ABOUT THIS TASK:
Find all lines in the records that include the word "bool", and copy them out.

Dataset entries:

(* There is no sequence of maps $\varphi_0,\varphi_1,\varphi_2,\ldots$, each defined on the ideal $\mathcal{M}$ of meager subsets of $\mathbb{R}$ and taking values in the family of closed nowhere dense subsets of $\mathbb{R}$, such that both of the following hold: (a) $A\subseteq\bigcup_{i<\omega}\varphi_i(A)$ for every meager $A\subseteq\mathbb{R}$; (b) $\varphi_i(A)\subseteq\varphi_i(B)$ for all meager $A\subseteq B$ and all $i<\omega$. *)

theory Defs
  imports "HOL-Analysis.Analysis"
begin

definition nowhere_dense :: "'a::topological_space set \<Rightarrow> bool" where
  "nowhere_dense S \<longleftrightarrow> interior (closure S) = {}"

definition meager :: "'a::topological_space set \<Rightarrow> bool" where
  "meager A \<longleftrightarrow> (\<exists>N :: nat \<Rightarrow> 'a set. (\<forall>n. nowhere_dense (N n)) \<and> A \<subseteq> (\<Union>n. N n))"

end

theory Submission
  imports Defs
begin

text \<open>For each \<open>i\<close> consider the points \<open>x\<close> with \<open>x \<in> \<phi>\<^sub>i {x}\<close>; by (a) applied to
  singletons these sets cover \<open>\<real>\<close>. Each of them is nowhere dense: a countable dense subset \<open>D\<close>
  of it is meager, and by monotonicity \<open>D \<subseteq> \<phi>\<^sub>i D\<close>, so its closure lies in the closed nowhere
  dense set \<open>\<phi>\<^sub>i D\<close>. Hence \<open>\<real>\<close> would be meager, contradicting the Baire category theorem.\<close>

lemma nowhere_dense_singleton: "nowhere_dense {x :: 'a :: {t1_space, perfect_space}}"
  unfolding nowhere_dense_def by simp

lemma meager_countable:
  fixes A :: "'a :: {t1_space, perfect_space} set"
  assumes "countable A"
  shows "meager A"
  unfolding meager_def
proof (intro exI conjI allI)
  show "nowhere_dense {from_nat_into A n}" for n
    by (rule nowhere_dense_singleton)
  show "A \<subseteq> (\<Union>n. {from_nat_into A n})"
    using subset_range_from_nat_into[OF assms] by blast
qed

lemma not_meager_UNIV: "\<not> meager (UNIV :: 'a :: complete_space set)"
proof
  assume "meager (UNIV :: 'a set)"
  then obtain N :: "nat \<Rightarrow> 'a set" where nd: "\<And>n. nowhere_dense (N n)"
    and cover: "UNIV \<subseteq> (\<Union>n. N n)"
    unfolding meager_def by blast
  have "euclidean interior_of \<Union>(range (\<lambda>n. closure (N n))) = {}"
  proof (rule Baire_category_alt)
    show "completely_metrizable_space (euclidean :: 'a topology) \<or>
          locally_compact_space (euclidean :: 'a topology) \<and> regular_space euclidean"
      using completely_metrizable_space_euclidean by blast
    show "closedin euclidean T \<and> euclidean interior_of T = {}"
      if "T \<in> range (\<lambda>n. closure (N n))" for T
      using that nd by (auto simp: nowhere_dense_def)
  qed simp
  moreover have "\<Union>(range (\<lambda>n. closure (N n))) = UNIV"
    using cover closure_subset by blast
  ultimately show False
    by simp
qed

lemma countable_dense_subset:
  fixes S :: "'a :: second_countable_topology set"
  obtains D where "countable D" "D \<subseteq> S" "S \<subseteq> closure D"
proof -
  obtain \<B> :: "'a set set" where "countable \<B>"
    and basis: "\<And>U. open U \<Longrightarrow> \<exists>\<U>. \<U> \<subseteq> \<B> \<and> U = \<Union>\<U>"
    by (metis univ_second_countable)
  define pick where "pick B = (SOME x. x \<in> B \<inter> S)" for B
  define D where "D = pick ` {B \<in> \<B>. B \<inter> S \<noteq> {}}"
  have pick: "pick B \<in> B \<inter> S" if "B \<inter> S \<noteq> {}" for B
    unfolding pick_def using that by (metis ex_in_conv someI_ex)
  have "countable D"
    unfolding D_def using \<open>countable \<B>\<close> by simp
  moreover have "D \<subseteq> S"
    unfolding D_def using pick by blast
  moreover have "S \<subseteq> closure D"
  proof
    fix x assume "x \<in> S"
    show "x \<in> closure D"
    proof (clarsimp simp: closure_iff_nhds_not_empty)
      fix U V assume "V \<subseteq> U" "open V" "x \<in> V" "D \<inter> U = {}"
      then obtain B where "B \<in> \<B>" "x \<in> B" "B \<subseteq> V"
        using basis by blast
      with \<open>x \<in> S\<close> have "pick B \<in> D \<inter> U"
        using pick[of B] \<open>V \<subseteq> U\<close> unfolding D_def by blast
      with \<open>D \<inter> U = {}\<close> show False
        by blast
    qed
  qed
  ultimately show thesis
    using that by blast
qed

lemma nowhere_dense_self_covering_points:
  fixes \<phi> :: "'a :: {t1_space, perfect_space, second_countable_topology} set \<Rightarrow> 'a set"
  assumes closed_nd: "\<And>A. meager A \<Longrightarrow> closed (\<phi> A) \<and> nowhere_dense (\<phi> A)"
    and mono: "\<And>A B. meager A \<Longrightarrow> meager B \<Longrightarrow> A \<subseteq> B \<Longrightarrow> \<phi> A \<subseteq> \<phi> B"
  shows "nowhere_dense {x. x \<in> \<phi> {x}}"
proof -
  obtain D where "countable D" and D_sub: "D \<subseteq> {x. x \<in> \<phi> {x}}"
    and dense: "{x. x \<in> \<phi> {x}} \<subseteq> closure D"
    by (rule countable_dense_subset)
  have "meager D"
    using \<open>countable D\<close> by (rule meager_countable)
  then have "closed (\<phi> D)" and "interior (\<phi> D) = {}"
    using closed_nd[of D] by (auto simp: nowhere_dense_def)
  have "D \<subseteq> \<phi> D"
  proof
    fix d assume "d \<in> D"
    have "meager {d}"
      by (simp add: meager_countable)
    with \<open>d \<in> D\<close> \<open>meager D\<close> have "\<phi> {d} \<subseteq> \<phi> D"
      by (intro mono) auto
    with \<open>d \<in> D\<close> D_sub show "d \<in> \<phi> D"
      by blast
  qed
  then have "closure D \<subseteq> \<phi> D"
    using \<open>closed (\<phi> D)\<close> by (rule closure_minimal)
  with dense \<open>closed (\<phi> D)\<close> have "closure {x. x \<in> \<phi> {x}} \<subseteq> \<phi> D"
    by (simp add: closure_minimal)
  then have "interior (closure {x. x \<in> \<phi> {x}}) \<subseteq> interior (\<phi> D)"
    by (rule interior_mono)
  with \<open>interior (\<phi> D) = {}\<close> show ?thesis
    unfolding nowhere_dense_def by blast
qed

theorem mainTheorem2:
  shows "\<not> (\<exists>\<phi> :: nat \<Rightarrow> real set \<Rightarrow> real set.
            (\<forall>i A. meager A \<longrightarrow> closed (\<phi> i A) \<and> nowhere_dense (\<phi> i A)) \<and>
            (\<forall>A. meager A \<longrightarrow> A \<subseteq> (\<Union>i. \<phi> i A)) \<and>
            (\<forall>i A B. meager A \<and> meager B \<and> A \<subseteq> B \<longrightarrow> \<phi> i A \<subseteq> \<phi> i B))"
proof (intro notI, elim exE conjE)
  fix \<phi> :: "nat \<Rightarrow> real set \<Rightarrow> real set"
  assume closed_nd: "\<forall>i A. meager A \<longrightarrow> closed (\<phi> i A) \<and> nowhere_dense (\<phi> i A)"
    and cover: "\<forall>A. meager A \<longrightarrow> A \<subseteq> (\<Union>i. \<phi> i A)"
    and mono: "\<forall>i A B. meager A \<and> meager B \<and> A \<subseteq> B \<longrightarrow> \<phi> i A \<subseteq> \<phi> i B"
  define S where "S i = {x. x \<in> \<phi> i {x}}" for i
  have "nowhere_dense (S i)" for i
    unfolding S_def using closed_nd mono by (intro nowhere_dense_self_covering_points) auto
  moreover have "UNIV \<subseteq> (\<Union>i. S i)"
  proof
    fix x :: real
    have "x \<in> (\<Union>i. \<phi> i {x})"
      using cover meager_countable[of "{x}"] by blast
    then show "x \<in> (\<Union>i. S i)"
      unfolding S_def by blast
  qed
  ultimately have "meager (UNIV :: real set)"
    unfolding meager_def by (intro exI[of _ S]) simp
  then show False
    using not_meager_UNIV by blast
qed

end
lemma residue_class_optimal:
  assumes "w \<le> n" "s < q - 1"
  shows "optimal_code q n 2 w (residue_class q n w s)"
proof (rule optimal_codeI)
  show "is_code q n 2 w (residue_class q n w s)"
    unfolding is_code_def
    using residue_class_nonempty[OF assms] residue_class_min_dist
    by (auto simp: residue_class_def)
  fix D assume "is_code q n 2 w D"
  then show "card D \<le> card (residue_class q n w s)"
  proof (rule card_code_le_if_collapsing)
    show "adjust_last q n s ` Hcw q n w \<subseteq> residue_class q n w s"
      using adjust_last_in_residue_class[OF _ assms(2)] by blast
    show "finite (residue_class q n w s)"
      using finite_Hcw by (simp add: residue_class_def)
    show "hdist n x y < 2"
      if "x \<in> Hcw q n w" "y \<in> Hcw q n w" "adjust_last q n s x = adjust_last q n s y" for x y
      using hdist_le_1_if_adjust_last_eq[OF that(1,2) assms(2) that(3)] by simp
  qed
qed

end

theorem theorem3p6:
  fixes q n w :: nat
  assumes "q \<ge> 2" and "1 \<le> w" and "w \<le> n"
  shows "\<exists>P. is_TOC q n 2 w P"
proof -
  have "is_TOC q n 2 w ((\<lambda>s. {x \<in> Hcw q n w. weight_sum n x mod (q - 1) = s}) ` {..<q - 1})"
  proof (rule is_TOC_fibers)
    show "weight_sum n x mod (q - 1) \<in> {..<q - 1}" for x
      using assms(1) by simp
    show "optimal_code q n 2 w {x \<in> Hcw q n w. weight_sum n x mod (q - 1) = s}"
      if "s \<in> {..<q - 1}" for s
      using residue_class_optimal[OF assms] that by (simp add: residue_class_def)
  qed
  then show ?thesis by blast
qed

end
lemma acyclic_fully_derived_arcs:
  assumes bt: "burling_tree VT r par l c"
  shows "acyclic (fully_derived_arcs VT c)"
proof (rule acyclicI, intro allI notI)
  let ?E = "tree_arcs VT r par"
  fix u assume "(u, u) \<in> (fully_derived_arcs VT c)\<^sup>+"
  then obtain v where "(u, v) \<in> fully_derived_arcs VT c" "(v, u) \<in> (fully_derived_arcs VT c)\<^sup>*"
    by (meson tranclD)
  then have "u \<in> VT" "v \<in> c u" by (auto simp: fully_derived_arcs_def)
  note target = burling_arc_target[OF bt this]
  let ?L = "l (par u)"
  have "(u, ?L) \<in> ?E\<^sup>*"
    using fully_derived_arcs_stay_below[OF bt target(3) \<open>(v, u) \<in> _\<close> target(1)] .
  then have "(par u, ?L) \<in> ?E\<^sup>*"
    using target(4) by (rule tree_arcs_rtrancl_par)
  with target(2) have "(?L, ?L) \<in> ?E\<^sup>+"
    by (rule rtrancl_into_trancl2)
  moreover have "acyclic ?E"
    using bt by (simp add: burling_tree_def acyclic_tree_arcs)
  ultimately show False
    unfolding acyclic_def by blast
qed

lemma trancl_inv_image: "(x, y) \<in> (inv_image r f)\<^sup>+ \<Longrightarrow> (f x, f y) \<in> r\<^sup>+"
  by (induction rule: trancl_induct) (auto simp: inv_image_def intro: trancl_into_trancl)

lemma acyclic_inv_image: "acyclic r \<Longrightarrow> acyclic (inv_image r f)"
  unfolding acyclic_def by (blast dest: trancl_inv_image)

lemma k_burlingE:
  assumes "k_burling V A k"
  obtains VT r par l c and phi :: "'a \<Rightarrow> nat"
  where "burling_tree VT r par l c" and "inj_on phi V" and "A \<subseteq> V \<times> V"
    and "\<And>x y. x \<in> V \<Longrightarrow> y \<in> V \<Longrightarrow> (x, y) \<in> A \<longleftrightarrow> (phi x, phi y) \<in> fully_derived_arcs VT c"
    and "\<And>xs. is_branch VT r par xs \<Longrightarrow> card (set xs \<inter> phi ` V) \<le> k"
proof -
  have "A \<subseteq> V \<times> V"
    using assms unfolding k_burling_def oriented_graph_def by (elim conjE)
  with assms show thesis
    unfolding k_burling_def by (elim conjE exE) (rule that; blast)
qed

EXERCISE ANSWER:
definition nowhere_dense :: "'a::topological_space set \<Rightarrow> bool" where
definition meager :: "'a::topological_space set \<Rightarrow> bool" where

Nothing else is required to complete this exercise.